Your instructions:
Your answer must consist of exactly the lines below, starting with the line with "finally show ?thesis ." and going on through the line with "from continuous_openin_preimage_gen[OF this, of", and nothing else.

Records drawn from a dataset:
(* Let $\tfrac12<\sigma<1$. Then, as $n\to\infty$, $$\frac{1}{n^{2(1-\sigma)}}\int_0^1\Big|\sum_{k=1}^n\frac{1}{k^{\sigma+it}}\Big|^2dt=\frac{1}{1-\sigma}\arctan\Big(\frac{1}{1-\sigma}\Big)+O_\sigma\Big(\frac{1}{n^{2(1-\sigma)/3}}\Big).$$ *)

theory Defs
  imports "HOL-Analysis.Analysis" "HOL-Library.Landau_Symbols"
begin

definition zeta_partial :: "nat \<Rightarrow> real \<Rightarrow> real \<Rightarrow> complex" where
  "zeta_partial n \<sigma> t = (\<Sum>k=1..n. of_nat k powr (- Complex \<sigma> t))"

end

theory Submission
  imports Defs
begin

text \<open>
  Each term \<open>k^(-s)\<close> differs from the integral of \<open>x^(-s)\<close> over \<open>[k, k+1]\<close> by at most
  \<open>|s| k^(-\<sigma>-1)\<close> (Taylor's theorem for \<open>x^(1-s)/(1-s)\<close>). These errors are summable, so the
  partial sum equals \<open>n^(1-s)/(1-s)\<close> up to an error bounded uniformly for \<open>0 \<le> t \<le> 1\<close>.
  The main term has squared modulus \<open>n^(2(1-\<sigma>)) / ((1-\<sigma>)^2 + t^2)\<close>, whose integral over
  \<open>[0, 1]\<close> is the arctangent term, while the cross terms contribute only \<open>O(n^(1-\<sigma>))\<close>.
  The error is therefore even \<open>O(n^(-(1-\<sigma>)))\<close>, and only \<open>0 < \<sigma> < 1\<close> is needed.
\<close>

lemma norm_powr_antiderivative_step_le:
  fixes a :: real and s :: complex
  assumes a: "a > 0" and s1: "s \<noteq> 1" and Re_s: "Re s \<ge> 0"
  shows "cmod (of_real (a+1) powr (1-s) / (1-s) - of_real a powr (1-s) / (1-s) - of_real a powr (-s))
         \<le> cmod s * a powr (- Re s - 1)"
proof -
  define S where "S = complex_of_real ` {a..a+1}"
  define f where "f = (\<lambda>i::nat. if i = 0 then (\<lambda>z::complex. z powr (1-s) / (1-s))
        else if i = 1 then (\<lambda>z. z powr (-s)) else (\<lambda>z. -s * z powr (-s-1)))"
  have "convex S" unfolding S_def
    by (intro convex_linear_image convex_real_interval) (auto intro: bounded_linear.linear bounded_linear_of_real)
  moreover have "(f i has_field_derivative f (Suc i) x) (at x within S)" if "x \<in> S" "i \<le> 1" for i x
  proof -
    have x: "x \<notin> \<real>\<^sub>\<le>\<^sub>0" using that a by (auto simp: S_def nonpos_Reals_def)
    consider "i = 0" | "i = 1" using \<open>i \<le> 1\<close> by linarith
    then show ?thesis
    proof cases
      case 1
      have "((\<lambda>z. z powr (1-s) / (1-s)) has_field_derivative (1-s) * x powr (1-s-1) / (1-s)) (at x)"
        using has_field_derivative_powr[OF x] by (rule DERIV_cdivide)
      with 1 s1 show ?thesis by (auto simp: f_def intro: has_field_derivative_at_within)
    next
      case 2
      with has_field_derivative_powr[OF x, of "-s"] show ?thesis
        by (auto simp: f_def intro: has_field_derivative_at_within)
    qed
  qed
  moreover have "cmod (f (Suc 1) x) \<le> cmod s * a powr (- Re s - 1)" if "x \<in> S" for x
  proof -
    obtain r where r: "r \<in> {a..a+1}" "x = of_real r" using \<open>x \<in> S\<close> unfolding S_def by blast
    have "cmod (f (Suc 1) x) = cmod s * r powr (- Re s - 1)"
      using r a by (simp add: f_def norm_mult norm_powr_real_powr)
    also have "\<dots> \<le> cmod s * a powr (- Re s - 1)"
      using r a Re_s by (intro mult_left_mono powr_mono2') auto
    finally show ?thesis .
  qed
  ultimately have "cmod (f 0 (of_real (a+1)) - (\<Sum>i\<le>1. f i (of_real a) * (of_real (a+1) - of_real a) ^ i / fact i))
        \<le> cmod s * a powr (- Re s - 1) * cmod (of_real (a+1) - of_real a :: complex) ^ Suc 1 / fact 1"
    by (intro field_Taylor) (use a in \<open>auto simp: S_def image_iff intro!: bexI[of _ "a+1"]\<close>)
  then show ?thesis by (simp add: f_def diff_diff_eq)
qed
text \<open>Baire: the parameters at which some integer relation holds form a countable union of
  closed sets, each with empty interior by incommensurability.\<close>

lemma nonresonant_dense:
  fixes a :: "'p::finite \<Rightarrow> (real, 'q::finite) vec \<Rightarrow> real"
  assumes "open B" "incommensurable a B" "\<And>i. continuous_on B (a i)" "r0 \<in> B"
  shows "r0 \<in> closure {r \<in> B. nonresonant (\<chi> i. a i r)}"
proof -
  obtain \<epsilon> where \<epsilon>: "\<epsilon> > 0" "cball r0 \<epsilon> \<subseteq> B"
    using assms(1,4) open_contains_cball by blast
  define S where "S = cball r0 \<epsilon>"
  define f where "f k r = (\<Sum>i\<in>UNIV. of_int (k i) * a i r)" for k :: "'p \<Rightarrow> int" and r
  define T where "T k = {r \<in> S. (\<exists>i. k i \<noteq> 0) \<longrightarrow> f k r \<noteq> 0}" for k
  have "openin (top_of_set S) (T k)" for k
  proof -
    have "continuous_on S (f k)"
      unfolding f_def using \<epsilon>(2) by (intro continuous_intros continuous_on_subset[OF assms(3)]) (simp add: S_def)
    from continuous_openin_preimage_gen[OF this, of "- {0}"]
    show ?thesis by (cases "\<exists>i. k i \<noteq> 0") (auto simp: T_def vimage_def Int_def)
  qed
  moreover have "S \<subseteq> closure (T k)" for k
  proof (cases "\<exists>i. k i \<noteq> 0")
    case True
    show ?thesis unfolding S_def
    proof (rule cball_subset_closure[OF \<epsilon>(1)])
      fix V assume V: "open V" "V \<noteq> {}" "V \<subseteq> ball r0 \<epsilon>"
      then obtain x where x: "x \<in> V" "f k x \<noteq> 0"
        using assms(2) True \<epsilon>(2) unfolding incommensurable_def f_def by (meson ball_subset_cball order_trans)
      then have "x \<in> T k" using V(3) by (auto simp: T_def S_def)
      with x(1) show "V \<inter> T k \<noteq> {}" by blast
    qed
  qed (auto simp: T_def closure_subset)
  ultimately have "S \<subseteq> closure (\<Inter>(range T))"
    by (intro Baire) (auto simp: S_def)
  moreover have "\<Inter>(range T) \<subseteq> {r \<in> B. nonresonant (\<chi> i. a i r)}"
  proof
    fix r assume r: "r \<in> \<Inter>(range T)"
    then have "r \<in> S" by (auto simp: T_def)
    moreover have "nonresonant (\<chi> i. a i r)"
      using r unfolding nonresonant_def T_def f_def by auto
    ultimately show "r \<in> {r \<in> B. nonresonant (\<chi> i. a i r)}" using \<epsilon>(2) by (auto simp: S_def)
  qed
  moreover have "r0 \<in> S" using \<epsilon>(1) by (simp add: S_def)
  ultimately show ?thesis using closure_mono by blast
qed
(* Let $m,n\ge2$. If $f\in\operatorname{vert}(\Diamond_m,\Diamond_n)$ and $f(0)$ lies in the interior of $\Diamond_n$, then $f(0)=0$.
   Context: For convex polytopes $P,Q$, $\operatorname{Hom}(P,Q)$ is the set of maps $P\to Q$ that are restrictions of affine maps $\operatorname{Aff}(P)\to\operatorname{Aff}(Q)$; it is a convex polytope in the affine space of affine maps $\operatorname{Aff}(P)\to\operatorname{Aff}(Q)$, and $\operatorname{vert}(P,Q)$ denotes its set of vertices. $\Diamond_n=\operatorname{conv}(\pm e_1,\ldots,\pm e_n)\subset\mathbb{R}^n$ is the $n$-dimensional crosspolytope. *)

theory Defs
  imports "HOL-Analysis.Analysis"
begin

definition crosspolytope :: "(real^'n) set" where
  "crosspolytope = convex hull {x. \<exists>i. x = axis i 1 \<or> x = - axis i 1}"

text \<open>An affine map R^m -> R^n is represented by the pair (A, b), meaning x |-> A *v x + b.
  This is a linear isomorphism between the space of affine maps and (real^'m^'n) * real^'n.\<close>
definition Hom :: "(real^'m) set \<Rightarrow> (real^'n) set \<Rightarrow> ((real^'m^'n) \<times> (real^'n)) set" where
  "Hom P Q = {(A, b). \<forall>x\<in>P. A *v x + b \<in> Q}"

definition vert :: "(real^'m) set \<Rightarrow> (real^'n) set \<Rightarrow> ((real^'m^'n) \<times> (real^'n)) set" where
  "vert P Q = {f. f extreme_point_of Hom P Q}"

end

theory Submission
  imports Defs
begin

Completed exercise:
    finally show ?thesis .
  qed
  ultimately have "cmod (f 0 (of_real (a+1)) - (\<Sum>i\<le>1. f i (of_real a) * (of_real (a+1) - of_real a) ^ i / fact i))
        \<le> cmod s * a powr (- Re s - 1) * cmod (of_real (a+1) - of_real a :: complex) ^ Suc 1 / fact 1"
    by (intro field_Taylor) (use a in \<open>auto simp: S_def image_iff intro!: bexI[of _ "a+1"]\<close>)
  then show ?thesis by (simp add: f_def diff_diff_eq)
qed
text \<open>Baire: the parameters at which some integer relation holds form a countable union of
  closed sets, each with empty interior by incommensurability.\<close>

lemma nonresonant_dense:
  fixes a :: "'p::finite \<Rightarrow> (real, 'q::finite) vec \<Rightarrow> real"
  assumes "open B" "incommensurable a B" "\<And>i. continuous_on B (a i)" "r0 \<in> B"
  shows "r0 \<in> closure {r \<in> B. nonresonant (\<chi> i. a i r)}"
proof -
  obtain \<epsilon> where \<epsilon>: "\<epsilon> > 0" "cball r0 \<epsilon> \<subseteq> B"
    using assms(1,4) open_contains_cball by blast
  define S where "S = cball r0 \<epsilon>"
  define f where "f k r = (\<Sum>i\<in>UNIV. of_int (k i) * a i r)" for k :: "'p \<Rightarrow> int" and r
  define T where "T k = {r \<in> S. (\<exists>i. k i \<noteq> 0) \<longrightarrow> f k r \<noteq> 0}" for k
  have "openin (top_of_set S) (T k)" for k
  proof -
    have "continuous_on S (f k)"
      unfolding f_def using \<epsilon>(2) by (intro continuous_intros continuous_on_subset[OF assms(3)]) (simp add: S_def)
    from continuous_openin_preimage_gen[OF this, of "- {0}"]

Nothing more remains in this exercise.